HA_HTTP_HOST=homeassistant
HA_HTTP_PORT=8123
PROTOCOL=http
# Otherwise, define HA_HTTP_HOST to empty value

EMAILLOGIN="YOUREMAILLOGIN"
EMAILPASSWORD="YOUREMAILPASSWORD"
MAILSERVER=YOURMAILSERVER


mkdir -p /etc/monit.d

# change line with uncomment include of monit.d 
sed -i 's@#\(\s*include\s*/etc/monit.d\)@\1@' /etc/monitrc
sed -i 's@set log syslog@set log /var/log/monit.log@' /etc/monitrc

if [ "$HA_HTTP_HOST" != "" ] ; then 
  cat > /etc/monit.d/ha <<EOHA
  check host ha with address $HA_HTTP_HOST
    # with pidfile PATHTOPIDFILE
    if failed
       port $HA_HTTP_PORT protocol $PROTOCOL
       # Expect unauthorized, shows that the server is up
       # Could check status if API key provided.
       #and request /api/ with content = "401: Unauthorized" with timeout 20 seconds
       and request / with timeout 20 seconds
       then
         # Alert, for testing
         alert
         # Change to exec when confident that this works
         # exec "/usr/bin/ha core restart"
    group ha
EOHA
fi


# RESTART HA when CPU LOAD is high for 10 minutes
cat > /etc/monit.d/checkload <<EOCPUHIGH
check system homeassistant.local
  if loadavg (1min) per core > 1.5 for 10 cycles then alert
  if loadavg (1min) per core > 1.5 for 15 cycles then exec "/usr/bin/ha core restart"
EOCPUHIGH

# Its possible to set up mail alerts.
# Example for server using TLS on port 587:



cat > /etc/monit.d/mailserver <<EOMS
set mailserver
      $MAILSERVER port 587 username "$EMAILLOGIN" password "$EMAILPASSWD" using tlsv1
EOMS

monit
monit reload
sleep 1
monit summary
1 Like

Excellent, thanks.

I use monit on other servers by exposing the builtin httpd daemon and allowing access from my subnet.

set httpd port 2812 
    allow 192.168.X.0/255.255.255.0        # allow localhost to connect to the server and

and then pulling the xml data

http://192.168.7.XX:2812/_status?format=xml

in via Node-Red to be processed.

I tried to work out how to pull that xml into HA a while back without success;

I have not been using the restful interface yet, but this thread may help - it confirms that there is a kind of conversion from XML and may indicate how this happens.

My idea was not so much to show a status of monit in the UI but to restart ha core when there is an issue we can detect with monit that the supervisor can’t or won’t because of a design choice.

[Note: my regular computer broke down yesterday so it will take a while before I finish the script]

1 Like

Ah, OK, that makes sense.

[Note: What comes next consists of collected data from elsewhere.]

(* Let $(A(n))_{n\ge1}$ be an i.i.d. sequence of random topical operators on $\mathbb R^d$ with the memory loss property and let $\phi:\mathbb R^d\to\mathbb R$ be topical. Suppose there exist $\sigma>0$ and a $\sigma$-finite measure $\alpha$ on $\mathbb R^d$, whose image by $x\mapsto(\bar x,\phi(x))$ is $\nu_0\otimes$(Lebesgue measure), such that for every bounded $\mathbb R^d$-valued random variable $X^0$ independent of $(A(n))$ and every continuous compactly supported $h$ on $\mathbb R^d$, $$\lim_n\sup_{u\in\mathbb R}\Big|\sigma\sqrt{2\pi n}\,\mathbb E\big[h(x(n,X^0)-n\gamma\mathbf 1-u\mathbf 1)\big]-\mathbb E\Big[e^{-\frac{(u+\phi(X^0))^2}{2n\sigma^2}}\Big]\alpha(h)\Big|=0.$$ Then $(A(n))$ is algebraically non arithmetic.
   Context: A map $A:\mathbb R^d\to\mathbb R^d$ is topical if it is isotone ($x\le y$ coordinatewise implies $Ax\le Ay$) and additively homogeneous ($A(x+a\mathbf 1)=Ax+a\mathbf 1$, $\mathbf 1=(1,\dots,1)'$). A map $\phi:\mathbb R^d\to\mathbb R$ is topical if isotone and $\phi(x+a\mathbf 1)=\phi(x)+a$. $Top_d$ is the set of topical operators, with the topology of uniform convergence on compact sets. $\mathbb{PR}^d_{\max}$ is the quotient of $\mathbb R^d$ by $x\sim y\iff x-y\in\mathbb R\mathbf 1$, $\bar x$ the class of $x$. $A$ has rank 1 if $\overline{Ax}$ does not depend on $x$. The sequence has the memory loss property if some $A(N)\cdots A(1)$ has rank 1 with positive probability. $x(0,X^0)=X^0$, $x(n,X^0)=A(n)x(n-1,X^0)$; $\gamma$ is the Lyapunov exponent ($x(n,X^0)/n\to\gamma\mathbf 1$ a.s.). $\nu_0$ is the unique invariant probability measure on $\mathbb{PR}^d_{\max}$ of the Markov chain $\bar x(n,\cdot)$. $S_A$ is the support of the law of $A(1)$ and $T_A$ the semigroup generated by $S_A$. The sequence is algebraically arithmetic if there are $a,b\in\mathbb R$ and $\theta\in Top_d$ of rank 1 such that for all $A\in S_A$ and all $\theta'\in T_A$ of rank 1, $(\theta A\theta'-\theta\theta')(\mathbb R^d)\subset(a+b\mathbb Z)\mathbf 1$; otherwise it is algebraically non arithmetic. *)

theory Defs
  imports "HOL-Probability.Probability"
begin

definition ones :: "real^'d" where
  "ones = (\<chi> i. 1)"

definition topical_op :: "(real^'d \<Rightarrow> real^'d) \<Rightarrow> bool" where
  "topical_op f \<longleftrightarrow>
     (\<forall>x y. (\<forall>i. x$i \<le> y$i) \<longrightarrow> (\<forall>i. f x $ i \<le> f y $ i)) \<and>
     (\<forall>x a. f (x + a *\<^sub>R ones) = f x + a *\<^sub>R ones)"

definition topical_fun :: "(real^'d \<Rightarrow> real) \<Rightarrow> bool" where
  "topical_fun f \<longleftrightarrow>
     (\<forall>x y. (\<forall>i. x$i \<le> y$i) \<longrightarrow> f x \<le> f y) \<and>
     (\<forall>x a. f (x + a *\<^sub>R ones) = f x + a)"

text \<open>Rank one: the projective class of f x does not depend on x.\<close>
definition rank_one :: "(real^'d \<Rightarrow> real^'d) \<Rightarrow> bool" where
  "rank_one f \<longleftrightarrow> (\<forall>x y. \<exists>c. f x - f y = c *\<^sub>R ones)"

text \<open>Projective space PR^d_max is represented by the hyperplane {x. sum of coordinates = 0};
  proj x is the representative of the class of x.\<close>
definition proj :: "real^'d \<Rightarrow> real^'d" where
  "proj x = x - ((\<Sum>i\<in>UNIV. x$i) / real CARD('d)) *\<^sub>R ones"

text \<open>Measurable space of operators: sigma-algebra generated by the evaluations
  (on Top_d this is the Borel sigma-algebra of uniform convergence on compacts).\<close>
definition op_space :: "(real^'d \<Rightarrow> real^'d) measure" where
  "op_space = PiM UNIV (\<lambda>_. borel)"

text \<open>prodop A n \<omega> = A(n) \<circ> ... \<circ> A(1), so x(n,X0) = prodop A n \<omega> X0.\<close>
fun prodop :: "(nat \<Rightarrow> 'w \<Rightarrow> real^'d \<Rightarrow> real^'d) \<Rightarrow> nat \<Rightarrow> 'w \<Rightarrow> real^'d \<Rightarrow> real^'d" where
  "prodop A 0 \<omega> = id"
| "prodop A (Suc n) \<omega> = A (Suc n) \<omega> \<circ> prodop A n \<omega>"

definition supp_law :: "'w measure \<Rightarrow> ('w \<Rightarrow> real^'d \<Rightarrow> real^'d) \<Rightarrow> (real^'d \<Rightarrow> real^'d) set" where
  "supp_law M B = {C. topical_op C \<and>
     (\<forall>K e. compact K \<and> e > 0 \<longrightarrow>
        measure M {\<omega> \<in> space M. \<forall>x\<in>K. dist (B \<omega> x) (C x) < e} > 0)}"

inductive_set gen_semigroup :: "(real^'d \<Rightarrow> real^'d) set \<Rightarrow> (real^'d \<Rightarrow> real^'d) set"
  for S where
  base: "f \<in> S \<Longrightarrow> f \<in> gen_semigroup S"
| comp: "f \<in> gen_semigroup S \<Longrightarrow> g \<in> gen_semigroup S \<Longrightarrow> f \<circ> g \<in> gen_semigroup S"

There are other routes for getting this sort of data.

From the last issue with DST, it looks like prolonged CPU high use might be another trigger.

Yep, that’s in the list: “Add some monitoring to monitor cpu load (and restart HA)” .

1 Like

I worked on the setup script which works for me.

Note the following code:

         # Alert, for testing
         alert
         # Change to exec when confident that this works
         # exec "/usr/bin/ha core restart"

I have set the default action to “alert” in stead of restarting ha so that you can verify that this works for your setup.
Only move to the restart action when the result for monit summary looks like this (ha/OK/Remote Host):

1 Like

I am not certain the the cpu load reported by the docker container for the ssh terminal reports the real load of the system (I haven’t really checked).

The monitoring can be extended by using the ha command.

  • ha observer stats could be checked because it gives:

blk_read: 14163968
blk_write: 4096
cpu_percent: 0
memory_limit: 1969250304
memory_percent: 0.2
memory_usage: 3895296
network_rx: 12097771
network_tx: 834870

  • ha host log could help check for errors in the dmesg log. Next time something like the DST error occurs, this log should also be retrieved so check if it provides hints about the issue.
  • ha host reboot could be used to restart the system if ha core restart did resolve it.
1 Like

I made the script available as a github gist . Gists can also be forked but I am not aware of a github way for making pull requests, I could still merge changes though (using pure git methods).

I recommend that you put your configuration in setupMonit.conf in the same directory as the script. That way the script and local settings stay separate.

Monit does not seem to start on reboot, this needs to be resolved somehow.

My setupMonit.conf file looks something like this:

HA_HTTP_HOST=homeassistant
HA_HTTP_PORT=8123
PROTOCOL=http
EMAILLOGIN="[email protected]"
EMAILPASSWORD="realpassword"
MAILSERVER=provider.mailserver.net
2 Likes